[RECORDS Boundary: Start]

lemma vneg_vadd: "vadd d n (vneg d n x) x = (\<lambda>_. 0)"
  by (rule ext) (simp add: vadd_def vneg_def mod_add_left_eq)

lemma vadd_commute: "vadd d n x y = vadd d n y x"
  unfolding vadd_def by (metis add.commute)

lemma bilin_Omega_cong:
  "[bilin d n (Omega d W) x y + bilin d n W y x = bilin d n W x y] (mod int d)"
proof -
  define S where "S W' = (\<Sum>i<n. \<Sum>j<n. x i * W' i j * y j)" for W' :: "nat \<Rightarrow> nat \<Rightarrow> int"
  define S' where "S' = (\<Sum>i<n. \<Sum>j<n. y i * W i j * x j)"
  have "[S (Omega d W) = S (\<lambda>i j. W i j - W j i)] (mod int d)"
    unfolding S_def by (intro cong_sum cong_mult cong_refl) (simp add: Omega_def cong_def)
  moreover have "S (\<lambda>i j. W i j - W j i) + S' = S W"
  proof -
    have "S' = (\<Sum>i<n. \<Sum>j<n. x i * W j i * y j)"
      unfolding S'_def by (subst sum.swap) (simp add: mult_ac)
    then show ?thesis
      unfolding S_def by (simp add: sum_subtractf algebra_simps)
  qed
  ultimately have "[S (Omega d W) + S' = S W] (mod int d)"
    by (metis cong_add cong_refl)
  then show ?thesis
    unfolding bilin_def S_def S'_def by (simp add: cong_def mod_add_eq)
qed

[RECORDS Boundary: End]

■ **WHAT YOU ARE ASKED TO DO**:
Set the lines down exactly, from the first line of the records to the line where "unfolding S_def by (simp" appears, with both ends kept.

■ **EXERCISE ANSWER**:
lemma vneg_vadd: "vadd d n (vneg d n x) x = (\<lambda>_. 0)"
  by (rule ext) (simp add: vadd_def vneg_def mod_add_left_eq)

lemma vadd_commute: "vadd d n x y = vadd d n y x"
  unfolding vadd_def by (metis add.commute)

lemma bilin_Omega_cong:
  "[bilin d n (Omega d W) x y + bilin d n W y x = bilin d n W x y] (mod int d)"
proof -
  define S where "S W' = (\<Sum>i<n. \<Sum>j<n. x i * W' i j * y j)" for W' :: "nat \<Rightarrow> nat \<Rightarrow> int"
  define S' where "S' = (\<Sum>i<n. \<Sum>j<n. y i * W i j * x j)"
  have "[S (Omega d W) = S (\<lambda>i j. W i j - W j i)] (mod int d)"
    unfolding S_def by (intro cong_sum cong_mult cong_refl) (simp add: Omega_def cong_def)
  moreover have "S (\<lambda>i j. W i j - W j i) + S' = S W"
  proof -
    have "S' = (\<Sum>i<n. \<Sum>j<n. x i * W j i * y j)"
      unfolding S'_def by (subst sum.swap) (simp add: mult_ac)
    then show ?thesis
      unfolding S_def by (simp add: sum_subtractf algebra_simps)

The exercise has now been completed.